Mariage des couples de même sexe : les joies du consensus

mariage homo credits Peetje2 (licence creative commons)

Sous influence américaine, la France devra-t-elle renoncer à un droit à la vie privée plus protecteur ?

Par Roseline Letteron.

mariage homo credits Peetje2 (licence creative commons)
mariage homo credits Peetje2 (licence creative commons)

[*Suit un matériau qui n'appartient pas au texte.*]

(* For $n\ge 1$, the number of shallow $231$-avoiding involutions in $S_n$ equals $2^{n-1}$ (in fact every $231$-avoiding involution is shallow).
   Context: For $\pi\in S_n$: $D(\pi)=\sum_{i}|\pi_i-i|$, $I(\pi)$ is the number of inversions, $T(\pi)=n-\mathrm{cyc}(\pi)$ with $\mathrm{cyc}$ the number of cycles in the disjoint cycle decomposition; $\pi$ is shallow if $I(\pi)+T(\pi)=D(\pi)$. A permutation avoids a pattern $\sigma$ if it has no subsequence order-isomorphic to $\sigma$. An involution is a permutation with $\pi=\pi^{-1}$. *)

theory Defs
  imports "HOL-Combinatorics.Permutations"
begin

text \<open>Permutations of S_n are modelled as functions nat => nat that permute {1..n}.\<close>

definition displacement :: "nat \<Rightarrow> (nat \<Rightarrow> nat) \<Rightarrow> int" where
  "displacement n p = (\<Sum>i\<in>{1..n}. \<bar>int (p i) - int i\<bar>)"

definition inversions :: "nat \<Rightarrow> (nat \<Rightarrow> nat) \<Rightarrow> nat" where
  "inversions n p = card {(i, j). i \<in> {1..n} \<and> j \<in> {1..n} \<and> i < j \<and> p i > p j}"

definition cycle_of :: "(nat \<Rightarrow> nat) \<Rightarrow> nat \<Rightarrow> nat set" where
  "cycle_of p i = {(p ^^ k) i | k. True}"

L’arrêt Oliari et autres c. Italie rendu par le Cour européenne des droits de l’homme le 21 juillet 2015 peut se résumer très simplement : les États doivent désormais offrir aux couples homosexuels, soit la possibilité de conclure une union civile, soit celle de se marier. Autrement dit, il n’est plus possible, comme le faisait le droit italien, d’ignorer les couples de même sexe et de leur refuser toute forme d’institutionnalisation de leur union. Une telle abstention constitue en effet une violation de l’article 8 de la Convention européenne de sauvegarde des droits de l’homme qui garantit le droit au respect de la vie privée, ainsi qu’une atteinte au principe de non discrimination protégé par l’article 14.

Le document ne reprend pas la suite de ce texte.